Chat GPT's API is significantly slower than the website with GPT Plus

Microsoft just dropped the nerf bat. One request every min now. Even though my cognitive bill is $400 so far this month, they restrict me now. They are clamping down on AI agents instead of just expanding infrastructure. Sad. They are limiting this technology and development.

1 Like

is it so hard to people here to realize that they are intentionally limit this to make sure none of you is going to build something big enough before them? this industry is not for you indies and devs.
This is like the hardware chip industry, only the big companies have a place in this.

This is probably a mistake because in weeks, many small startups will start offering this exact capability, don’t forget they invent nothing new, this tech was actually developed outside the US, and most researches are outside the US, it’s just that THEY trained it with the whole internet data, having friends and access to ceo’s of Reddit, Github etc.

ok, i figured out. everything works like expected and is fast. the answer is: stream
and i was wrong. stream is working also with chat api.

1 Like

What I don’t get is why they don’t just raise prices for the API to something more demand/supply based. Cloud does this and it works just fine. As new resources come in, they can lower prices.

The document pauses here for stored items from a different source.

(* Let $\gamma: I \to \mathbb{R}^3$ be a unit speed curve with arc-length parameter $s$, Frenet frame $\{T,N,B\}$, curvature $\kappa$ and torsion $\tau$. Let $u,v,w: I \to \mathbb{R}$ be differentiable functions with $u^2+v^2+w^2=1$, put $V = uT + vN + wB$, let $\lambda: I \to \mathbb{R}$ be a differentiable function, and let $\beta(s) = \int_0^s V(t)\,dt + \lambda(s)N(s)$, assumed to be a regular curve with Frenet frame $\{\overline{T},\overline{N},\overline{B}\}$. Then $\gamma$ is a $V$-Mannheim curve (i.e. $\overline{B}(s) = \epsilon N(s)$ with $\epsilon = \pm 1$ for all $s$) if and only if $$u\kappa - w\tau = \lambda(\kappa^2+\tau^2) \quad\text{and}\quad \lambda(s) = -\int v(s)\,ds \ \ (\text{i.e. } \lambda' = -v) \text{ on } I.$$
   Context: Frenet equations: $T' = \kappa N$, $N' = -\kappa T + \tau B$, $B' = -\tau N$. Definition (from the paper): with $\gamma$, $V$, $\lambda$, $\beta$ as in the claim, $\gamma$ is called a $V$-Mannheim curve and $\beta$ its $V$-Mannheim partner curve if the principal normal $N$ of $\gamma$ and the binormal $\overline{B}$ of $\beta$ are linearly dependent at corresponding points, i.e. $\overline{B} = \epsilon N$, $\epsilon = \pm 1$. It is assumed that $\beta$ is regular with nonvanishing curvature so that its Frenet frame is defined. *)

theory Defs
  imports "HOL-Analysis.Analysis"
begin

text \<open>Oriented integral from a to b (so that the integral from 0 to s makes sense for s < 0).\<close>
definition oint :: "real \<Rightarrow> real \<Rightarrow> (real \<Rightarrow> real^3) \<Rightarrow> real^3" where
  "oint a b f = (if a \<le> b then integral {a..b} f else - integral {b..a} f)"

definition frenet_binormal :: "(real \<Rightarrow> real^3) \<Rightarrow> real \<Rightarrow> real^3" where
  "frenet_binormal c t =
     (let d1 = vector_derivative c (at t);
          d2 = vector_derivative (\<lambda>s. vector_derivative c (at s)) (at t)
      in (1 / norm (cross3 d1 d2)) *\<^sub>R cross3 d1 d2)"

end

theory Submission
  imports Defs
begin

text \<open>Differentiating \<beta> with the Frenet equations gives
  \<beta>' = (u - \<lambda>\<kappa>) T + (v + \<lambda>') N + (w + \<lambda>\<tau>) B.
  The binormal of \<beta> is the normalised cross product of \<beta>' and \<beta>'', so it is \<plusminus>N exactly
  when N is orthogonal to both \<beta>' and \<beta>''. Orthogonality to \<beta>' says \<lambda>' = -v. Once
  \<beta>' \<bullet> N vanishes identically, differentiating it gives
  \<beta>'' \<bullet> N = - \<beta>' \<bullet> N' = \<kappa>(u - \<lambda>\<kappa>) - \<tau>(w + \<lambda>\<tau>),
  whose vanishing is u\<kappa> - w\<tau> = \<lambda>(\<kappa>^2 + \<tau>^2).\<close>

lemma has_real_derivative_iff_deriv_eq:
  fixes f :: "real \<Rightarrow> real"
  assumes "f differentiable (at x)"
  shows "(f has_real_derivative d) (at x) \<longleftrightarrow> deriv f x = d"
  using assms by (metis DERIV_deriv_iff_real_differentiable DERIV_imp_deriv)

lemma oint_eq_integral_diff:
  fixes V :: "real \<Rightarrow> real^3"
  assumes "V integrable_on {a..b}" "0 \<in> {a..b}" "t \<in> {a..b}"
  shows "oint 0 t V = integral {a..t} V - integral {a..0} V"
proof (cases "0 \<le> t")
  case True
  have "V integrable_on {a..t}"
    by (rule integrable_on_subinterval[OF assms(1)]) (use assms in auto)
  then have "integral {a..0} V + integral {0..t} V = integral {a..t} V"
    using assms True Henstock_Kurzweil_Integration.integral_combine[of a 0 t V] by simp
  then show ?thesis
    using True by (simp add: oint_def algebra_simps)
next
  case False
  have "V integrable_on {a..0}"
    by (rule integrable_on_subinterval[OF assms(1)]) (use assms in auto)
  then have "integral {a..t} V + integral {t..0} V = integral {a..0} V"
    using assms False Henstock_Kurzweil_Integration.integral_combine[of a t 0 V] by simp
  then show ?thesis
    using False by (simp add: oint_def algebra_simps)
qed

lemma oint_has_vector_derivative:
  fixes V :: "real \<Rightarrow> real^3"
  assumes I: "open I" "is_interval I" "0 \<in> I" and V: "continuous_on I V" and s: "s \<in> I"
  shows "((\<lambda>t. oint 0 t V) has_vector_derivative V s) (at s)"
proof -
  \<comment> \<open>On an interval [a, b] \<subseteq> I around 0 and s, oint 0 t V differs from the integral
    from a to t by a constant.\<close>
  obtain e where e: "e > 0" "ball s e \<subseteq> I"
    using I(1) s open_contains_ball by blast
  define a where "a = min 0 (s - e/2)"
  define b where "b = max 0 (s + e/2)"
  have "s - e/2 \<in> I" "s + e/2 \<in> I"
    using e by (auto intro!: subsetD[OF e(2)] simp: dist_real_def)
  then have "a \<in> I" "b \<in> I"
    using I(3) by (simp_all add: a_def b_def min_def max_def)
  then have "{a..b} \<subseteq> I"
    using I(2) unfolding is_interval_1 by (meson atLeastAtMost_iff subsetI)
  then have Vab: "continuous_on {a..b} V"
    using V continuous_on_subset by blast
  have s_ab: "s \<in> {a<..<b}" and "0 \<in> {a..b}"
    using e by (auto simp: a_def b_def)
  have "((\<lambda>t. integral {a..t} V) has_vector_derivative V s) (at s within {a..b})"
    using s_ab by (intro integral_has_vector_derivative[OF Vab]) simp
  then have "((\<lambda>t. integral {a..t} V) has_vector_derivative V s) (at s)"
    using at_within_interior[of s "{a..b}"] s_ab by simp
  then have "((\<lambda>t. integral {a..t} V - integral {a..0} V) has_vector_derivative V s) (at s)"
    using has_vector_derivative_diff[OF _ has_vector_derivative_const] by fastforce
  moreover have "integral {a..t} V - integral {a..0} V = oint 0 t V" if "t \<in> {a<..<b}" for t
    using oint_eq_integral_diff[OF integrable_continuous_interval[OF Vab] \<open>0 \<in> {a..b}\<close>] that
    by simp
  ultimately show ?thesis
    by (rule has_vector_derivative_transform_within_open[OF _ open_greaterThanLessThan s_ab])
qed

Leave the web interface alone, of course, so people can play around, but if people have high value cases which don’t use a lot of tokens, they should be able to use the API - imho.

1 Like

Mind explaining further what you mean by ‘stream’? How did you manage to make the API respond quickly? Thanks.

1 Like

Surprisingly, it seems that with the API, GPT-3.5 Turbo, GPT-4, and Text-Davinci-003 are slower than Text-Davinci-002 recently. My company account’s logic was so slow with GPT-4 that I tested it directly using my Postman call. Apparently, all of them are slower than Text-Davinci-002, even with the same prompt and Text-Davinci-002’s longer text completion.

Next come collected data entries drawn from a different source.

(* Let $\Omega\subset\mathbb{R}^2$ have properties (i), $( * )$ and $( ** )$, and let $\cosh_\Omega,\sinh_\Omega$ and $\cosh_{\Omega^\diamond},\sinh_{\Omega^\diamond}$ be defined as in the context. Then $\cosh_\Omega$ and $\sinh_\Omega$ are locally Lipschitz and therefore differentiable almost everywhere. If for an angle $\theta$ the set $\theta^\diamond$ consists of a single element $\eta$, then $$\frac{d}{d\theta}\cosh_\Omega\theta=\sinh_{\Omega^\diamond}\eta,\qquad \frac{d}{d\theta}\sinh_\Omega\theta=\cosh_{\Omega^\diamond}\eta.$$ There is at most a countable set of values of $\theta$ where the left and right derivatives of $\cosh_\Omega$ (respectively $\sinh_\Omega$) differ; at such $\theta$ the set $\{\sinh_{\Omega^\diamond}\eta:\eta\in\theta^\diamond\}$ (respectively $\{\cosh_{\Omega^\diamond}\eta:\eta\in\theta^\diamond\}$) lies between the left and right derivatives of $\cosh_\Omega$ (respectively $\sinh_\Omega$).
   Context: Points of $\mathbb{R}^2$ are $(x,y)$, points of $\mathbb{R}^{2*}$ are $(p,q)$. Antipolar: $\Omega^\diamond=\{(p,q): px-qy\ge1\ \forall(x,y)\in\Omega\}$. Property (i): $\Omega$ nonempty, convex, closed, $0\notin\Omega$, $\lambda\Omega\subset\Omega$ for all $\lambda>1$. Property $( * )$: $\lambda\Omega\cap\partial\Omega=\varnothing$ for all $\lambda>1$. Property $( ** )$: with $C=\operatorname{cl}(\mathbb{R}_+\Omega)$ and $\partial C=l_0\cup l_1$ its two boundary rays, $\operatorname{dist}(l_0,\Omega)=\operatorname{dist}(l_1,\Omega)=0$. (Under these assumptions $\Omega^\diamond$ also has properties (i), $( * )$, $( ** )$.) Hyperbolic convex trigonometric functions: fix $\omega_0=(x_0,y_0)\in\partial\Omega$ and $\omega_0^\diamond=(p_0,q_0)\in\partial\Omega^\diamond$ with $p_0x_0-q_0y_0=1$. For $\omega=(x,y)\in\partial\Omega$ let $\theta$ be twice the signed area of the region bounded by the segment from the origin $O$ to $\omega_0$, the arc of $\partial\Omega$ from $\omega_0$ to $\omega$, and the segment from $\omega$ to $O$ (positive when the arc runs counterclockwise); set $\cosh_\Omega\theta=x$, $\sinh_\Omega\theta=y$. The domain of these functions is the (open) interval or line of values of $\theta$ obtained this way. The functions $\cosh_{\Omega^\diamond}\eta,\sinh_{\Omega^\diamond}\eta$ are defined in the same way from $\Omega^\diamond$ and $\omega_0^\diamond$ in the $(p,q)$-plane. For $\theta$ in the domain of $\cosh_\Omega$, $\theta^\diamond$ is the set of $\eta$ with $\cosh_\Omega\theta\cosh_{\Omega^\diamond}\eta-\sinh_\Omega\theta\sinh_{\Omega^\diamond}\eta=1$ (the left-hand side is always $\ge1$). *)

theory Defs
  imports "HOL-Analysis.Analysis"
begin

definition prop_i :: "(real \<times> real) set \<Rightarrow> bool" where
  "prop_i \<Omega> \<longleftrightarrow> \<Omega> \<noteq> {} \<and> convex \<Omega> \<and> closed \<Omega> \<and> (0::real\<times>real) \<notin> \<Omega> \<and>
     (\<forall>c::real. c > 1 \<longrightarrow> (\<lambda>w. c *\<^sub>R w) ` \<Omega> \<subseteq> \<Omega>)"

definition prop_star :: "(real \<times> real) set \<Rightarrow> bool" where
  "prop_star \<Omega> \<longleftrightarrow> (\<forall>c::real. c > 1 \<longrightarrow> (\<lambda>w. c *\<^sub>R w) ` \<Omega> \<inter> frontier \<Omega> = {})"

definition ray :: "real \<times> real \<Rightarrow> (real \<times> real) set" where
  "ray u = {t *\<^sub>R u | t. t \<ge> 0}"

definition pos_cone :: "(real \<times> real) set \<Rightarrow> (real \<times> real) set" where
  "pos_cone \<Omega> = {t *\<^sub>R w | t w. t > 0 \<and> w \<in> \<Omega>}"

definition prop_2star :: "(real \<times> real) set \<Rightarrow> bool" where
  "prop_2star \<Omega> \<longleftrightarrow> (\<exists>u0 u1. u0 \<noteq> 0 \<and> u1 \<noteq> 0 \<and>
     frontier (closure (pos_cone \<Omega>)) = ray u0 \<union> ray u1 \<and>
     setdist (ray u0) \<Omega> = 0 \<and> setdist (ray u1) \<Omega> = 0)"

definition antipolar :: "(real \<times> real) set \<Rightarrow> (real \<times> real) set" where
  "antipolar \<Omega> = {(p, q). \<forall>(x, y) \<in> \<Omega>. p * x - q * y \<ge> 1}"

definition cross :: "real \<times> real \<Rightarrow> real \<times> real \<Rightarrow> real" where
  "cross a b = fst a * snd b - snd a * fst b"

definition sector :: "real \<times> real \<Rightarrow> real \<times> real \<Rightarrow> (real \<times> real) set" where
  "sector a b = {s *\<^sub>R a + t *\<^sub>R b | s t. s \<ge> 0 \<and> t \<ge> 0}"

text \<open>Region bounded by the segment O--a, the arc of the boundary of \<Omega> from a to b,
  and the segment b--O: the union of the segments from O to the arc points.\<close>
definition arc_region :: "(real \<times> real) set \<Rightarrow> real \<times> real \<Rightarrow> real \<times> real \<Rightarrow> (real \<times> real) set" where
  "arc_region \<Omega> a b = {t *\<^sub>R w | t w. 0 \<le> t \<and> t \<le> 1 \<and> w \<in> frontier \<Omega> \<and> w \<in> sector a b}"

text \<open>The angle \<theta> of a boundary point \<omega>: twice the signed area, positive when the arc
  from \<omega>0 to \<omega> runs counterclockwise.\<close>
definition conv_angle :: "(real \<times> real) set \<Rightarrow> real \<times> real \<Rightarrow> real \<times> real \<Rightarrow> real" where
  "conv_angle \<Omega> \<omega>0 \<omega> =
     (if cross \<omega>0 \<omega> \<ge> 0 then 1 else -1) * (2 * measure lebesgue (arc_region \<Omega> \<omega>0 \<omega>))"

definition conv_domain :: "(real \<times> real) set \<Rightarrow> real \<times> real \<Rightarrow> real set" where
  "conv_domain \<Omega> \<omega>0 = conv_angle \<Omega> \<omega>0 ` frontier \<Omega>"

definition conv_point :: "(real \<times> real) set \<Rightarrow> real \<times> real \<Rightarrow> real \<Rightarrow> real \<times> real" where
  "conv_point \<Omega> \<omega>0 \<theta> = (THE \<omega>. \<omega> \<in> frontier \<Omega> \<and> conv_angle \<Omega> \<omega>0 \<omega> = \<theta>)"

definition cosh_conv :: "(real \<times> real) set \<Rightarrow> real \<times> real \<Rightarrow> real \<Rightarrow> real" where
  "cosh_conv \<Omega> \<omega>0 \<theta> = fst (conv_point \<Omega> \<omega>0 \<theta>)"

definition sinh_conv :: "(real \<times> real) set \<Rightarrow> real \<times> real \<Rightarrow> real \<Rightarrow> real" where
  "sinh_conv \<Omega> \<omega>0 \<theta> = snd (conv_point \<Omega> \<omega>0 \<theta>)"

definition dual_angles ::
  "(real \<times> real) set \<Rightarrow> real \<times> real \<Rightarrow> real \<times> real \<Rightarrow> real \<Rightarrow> real set" where
  "dual_angles \<Omega> \<omega>0 \<omega>0' \<theta> = {\<eta> \<in> conv_domain (antipolar \<Omega>) \<omega>0'.
     cosh_conv \<Omega> \<omega>0 \<theta> * cosh_conv (antipolar \<Omega>) \<omega>0' \<eta>
       - sinh_conv \<Omega> \<omega>0 \<theta> * sinh_conv (antipolar \<Omega>) \<omega>0' \<eta> = 1}"

definition loc_lipschitz_on :: "real set \<Rightarrow> (real \<Rightarrow> real) \<Rightarrow> bool" where
  "loc_lipschitz_on D f \<longleftrightarrow> (\<forall>x\<in>D. \<exists>e>0. \<exists>L. \<forall>a\<in>D \<inter> ball x e. \<forall>b\<in>D \<inter> ball x e.
      \<bar>f a - f b\<bar> \<le> L * \<bar>a - b\<bar>)"

end

theory Submission
  imports Defs
begin

(* The boundary of Omega is parametrised by central projection onto the line
   {w. hdot omega0' w = 1}, which touches Omega at omega0: the ray through
   line_pt s = omega0 + s *R d meets the boundary at line_pt s /R h s, where h is concave because
   Omega is convex and invariant under dilations by factors > 1.  Twice the area swept from omega0
   is a function of s with derivative 1 / (h s)^2, so angle and parameter are locally bi-Lipschitz
   and the boundary point is a locally Lipschitz function of the angle, with one-sided
   derivatives h s *R d - h'(s+) *R line_pt s and h s *R d - h'(s-) *R line_pt s.  With the
   coordinates swapped, h s *R d - beta *R line_pt s runs, for beta between h'(s+) and h'(s-),
   exactly through the points of the boundary of the antipolar that pair to 1 with the boundary
   point.  So theta^diamond is a singleton iff h is differentiable at s, which fails for
   countably many s only, and the dual coordinates are bracketed by the one-sided derivatives.
   Property prop_2star makes the antipolar satisfy prop_star as well, so that its boundary is
   parametrised in the same way. *)

section \<open>Area of a triangle in the plane\<close>

(* The library computes areas of triangles in real^2 (content_triangle); Lebesgue measure is
   transported from there to real * real. *)

definition vec_of_pair :: "real \<times> real \<Rightarrow> real^2" where
  "vec_of_pair w = (\<chi> i. if i = 1 then fst w else snd w)"

definition pair_of_vec :: "real^2 \<Rightarrow> real \<times> real" where
  "pair_of_vec v = (v $ 1, v $ 2)"

lemma vec_of_pair_nth [simp]: "vec_of_pair w $ 1 = fst w" "vec_of_pair w $ 2 = snd w"
  by (auto simp: vec_of_pair_def)

lemma pair_of_vec_of_pair [simp]: "pair_of_vec (vec_of_pair w) = w"
  by (simp add: pair_of_vec_def)

lemma vec_of_pair_of_vec [simp]: "vec_of_pair (pair_of_vec v) = v"
  unfolding vec_of_pair_def pair_of_vec_def vec_eq_iff using exhaust_2 by auto

lemma linear_vec_of_pair: "linear vec_of_pair"
  by (rule linearI) (auto simp: vec_of_pair_def vec_eq_iff)

lemma pair_of_vec_measurable: "pair_of_vec \<in> borel_measurable borel"
  unfolding pair_of_vec_def by (intro borel_measurable_continuous_onI continuous_intros)

lemma prod_Basis_vec2: "(\<Prod>b\<in>Basis. (v::real^2) \<bullet> b) = v $ 1 * v $ 2"
proof -
  have "Basis = {axis 1 1, axis 2 (1::real) :: real^2}"
    by (auto simp: Basis_vec_def) (metis exhaust_2)
  then have "(\<Prod>b\<in>Basis. v \<bullet> b) = (\<Prod>b\<in>{axis 1 1, axis 2 1}. v \<bullet> b)"
    by simp
  also have "\<dots> = v $ 1 * v $ 2"
    by (simp add: axis_eq_axis inner_axis)
  finally show ?thesis .
qed

lemma lborel_pair_eq_distr_pair_of_vec:
  "(lborel :: (real \<times> real) measure) = distr lborel borel pair_of_vec"
proof (rule lborel_eqI)
  fix l u :: "real \<times> real"
  assume le: "\<And>b. b \<in> Basis \<Longrightarrow> l \<bullet> b \<le> u \<bullet> b"
  have "pair_of_vec -` box l u = box (vec_of_pair l) (vec_of_pair u)"
    by (auto simp: pair_of_vec_def mem_box_cart forall_2 mem_box Basis_prod_def inner_prod_def)
  then have "emeasure (distr lborel borel pair_of_vec) (box l u)
      = emeasure lborel (box (vec_of_pair l) (vec_of_pair u))"
    by (subst emeasure_distr) (auto simp: pair_of_vec_measurable)
  also have "\<dots> = ennreal (\<Prod>b\<in>Basis. (vec_of_pair u - vec_of_pair l) \<bullet> b)"
  proof (rule emeasure_lborel_box)
    fix b :: "real^2" assume "b \<in> Basis"
    then obtain i where b: "b = axis i 1" by (auto simp: Basis_vec_def)
    have "fst l \<le> fst u" "snd l \<le> snd u"
      using le[of "(1,0)"] le[of "(0,1)"] by (auto simp: Basis_prod_def inner_prod_def)
    then show "vec_of_pair l \<bullet> b \<le> vec_of_pair u \<bullet> b"
      using exhaust_2[of i] by (auto simp: b inner_axis)
  qed
  also have "(\<Prod>b\<in>Basis. (vec_of_pair u - vec_of_pair l) \<bullet> b) = (\<Prod>b\<in>Basis. (u - l) \<bullet> b)"
    by (simp add: prod_Basis_vec2 Basis_prod_def prod.union_disjoint inner_prod_def)
  finally show "emeasure (distr lborel borel pair_of_vec) (box l u) = (\<Prod>b\<in>Basis. (u - l) \<bullet> b)" .
qed simp

lemma measure_vec_of_pair_image:
  assumes "S \<in> sets borel"
  shows "measure lborel (vec_of_pair ` S) = measure lborel S"
proof -
  have "measure lborel S = measure (distr lborel borel pair_of_vec) S"
    by (simp flip: lborel_pair_eq_distr_pair_of_vec)
  also have "\<dots> = measure lborel (pair_of_vec -` S)"
    using assms by (simp add: measure_distr pair_of_vec_measurable)
  also have "pair_of_vec -` S = vec_of_pair ` S"
    by (auto simp: image_iff) (metis vec_of_pair_of_vec)
  finally show ?thesis by simp
qed

lemma measure_triangle_origin:
  fixes u v :: "real \<times> real"
  shows "measure lebesgue (convex hull {0, u, v}) = \<bar>cross u v\<bar> / 2"
proof -
  have "convex hull {0, u, v} \<in> sets borel"
    by (intro borel_closed compact_imp_closed finite_imp_compact_convex_hull) auto
  then have "measure lebesgue (convex hull {0, u, v}) = measure lborel (vec_of_pair ` (convex hull {0, u, v}))"
    by (simp add: measure_vec_of_pair_image)
  also have "vec_of_pair ` (convex hull {0, u, v}) = convex hull {vec_of_pair 0, vec_of_pair u, vec_of_pair v}"
    by (simp add: convex_hull_linear_image linear_vec_of_pair)
  also have "measure lborel \<dots> = \<bar>cross u v\<bar> / 2"
    by (subst content_triangle) (simp add: cross_def abs_minus_commute algebra_simps)
  finally show ?thesis .
qed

However, Text-Davinci-002’s accuracy is not good enough for my use case. Therefore, even though it is faster than the other models, I cannot use it. :disappointed_relieved:

Can anyone else try Text-Davinci-002 instead of the other models and see the speed?

1 Like

search for “stream” on this site


Any news or solution about this?
In ChatGpt plus I am having 8 times more token than compared to the API (gpt 3.5 turbo) in the same time.
This is affecting our project a lot. :slightly_frowning_face:

1 Like

The underlying implementation can summarize context and previous history to keep the thread of older conversations without needing to spend as many tokens.

It may also be helpful to only include user text, not completed bot text, in the context. It seems perfectly capable to keep the thread anyway when doing this.

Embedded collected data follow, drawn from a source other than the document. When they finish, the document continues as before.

(* Let $m\in\mathbb{N}$, $a,b>0$, let $f=(1,f_1,\ldots,f_{p-1})^T$ be a vector of known regression functions on $\mathbb{R}^k$, let $\beta\in\mathbb{R}^p$ be the unknown parameter, and let $x_1,\ldots,x_m\in\mathbb{R}^k$. Let $\Theta\sim\gamma(a,b)$ (density $\frac{b^a}{\Gamma(a)}\theta^{a-1}e^{-b\theta}$, $\theta>0$) and assume that conditionally on $\Theta=\theta$ the random variables $Y_1,\ldots,Y_m$ are independent with $Y_j$ Poisson distributed with mean $\theta\exp(f(x_j)^T\beta)$. Then the Fisher information matrix of $Y=(Y_1,\ldots,Y_m)$ for $\beta$ is $$I(\beta)=\frac{a}{b}\left(I_{Po}(\beta)-\frac{I_{Po}(\beta)e_1e_1^TI_{Po}(\beta)}{e_1^TI_{Po}(\beta)e_1+b}\right),$$ where $I_{Po}(\beta)=\sum_{j=1}^m\exp\bigl(f(x_j)^T\beta\bigr)f(x_j)f(x_j)^T$ and $e_1$ is the first standard unit vector of $\mathbb{R}^p$.
   Context: The shape parameter $a$ and rate parameter $b$ are known; only $\beta$ is the parameter of interest. $I_{Po}(\beta)$ is the Fisher information matrix of the Poisson model without random effect. *)

theory Defs
  imports "HOL-Analysis.Analysis"
begin

text \<open>Parameter vectors in R^p are represented as functions nat => real,
  only the indices 0..p-1 being relevant. Index 0 corresponds to the intercept.\<close>

definition poisson_dens :: "real \<Rightarrow> nat \<Rightarrow> real" where
  "poisson_dens \<mu> k = exp (- \<mu>) * \<mu> ^ k / fact k"

definition gamma_dens :: "real \<Rightarrow> real \<Rightarrow> real \<Rightarrow> real" where
  "gamma_dens a b \<theta> =
     (if 0 < \<theta> then b powr a / Gamma a * \<theta> powr (a - 1) * exp (- b * \<theta>) else 0)"

definition lin_pred :: "nat \<Rightarrow> ('x \<Rightarrow> nat \<Rightarrow> real) \<Rightarrow> 'x \<Rightarrow> (nat \<Rightarrow> real) \<Rightarrow> real" where
  "lin_pred p f z \<beta> = (\<Sum>i<p. f z i * \<beta> i)"

definition obs_space :: "nat \<Rightarrow> (nat \<Rightarrow> nat) set" where
  "obs_space m = {y. \<forall>j\<ge>m. y j = 0}"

That being said, models with less context will be faster, because the cost of the model goes up with approximately the square of context. It also goes up by a constant factor related to the number of parameters. Doing less work, will run faster, all else being the same.

Same here. I tried to buy the subscription but the API response time didn’t change it. With this reponse time API are not usable!


Having same issues on /chat/completion endpoint responses with or without stream option, both gpt-3 and gpt-4 are extremely slow. Used Postman to test and even OpenAI Playground response times are also very slow.

1 Like

Same issue here, I’m using 3.5turbo. Is there any way to have a response from the support team? We all need to understand whether the time spent on developing can be repaid in the near future and we can offer a good service to our customers or not.


Just adding my +1 here in hopes that that helps get attention to this problem. I have to admit, I am a bit shocked that the paying members get less server preference then the free members? Seemingly. Doesn’t make fundamental sense to me?

The same issue. I’m using text_davinchi_003, and the average response latency is 45 seconds with a token limit of 500. What’s interesting is that when doing requests in one thread, the initial response is typically received in 10-15 seconds, but each subsequent request adds an additional 5-15 seconds to the latency time until the last one get back with error. Doing delay (up to 2 sec) between the requests doesn’t make effect.

It seems like the delay is related to the “user” identifier passed in the request. I began to observe a gradual decline in response speed, which worsened as time went on. Eventually, it reached a point where it became extremely poor, leading me to believe that users would soon start expressing their dissatisfaction. Surprisingly, however, I haven’t received any complaints yet. In short, through deduction, I realized that requests using a new user identifier yielded much faster results compared to the one I had been using. I’m curious to know if others have encountered a similar situation.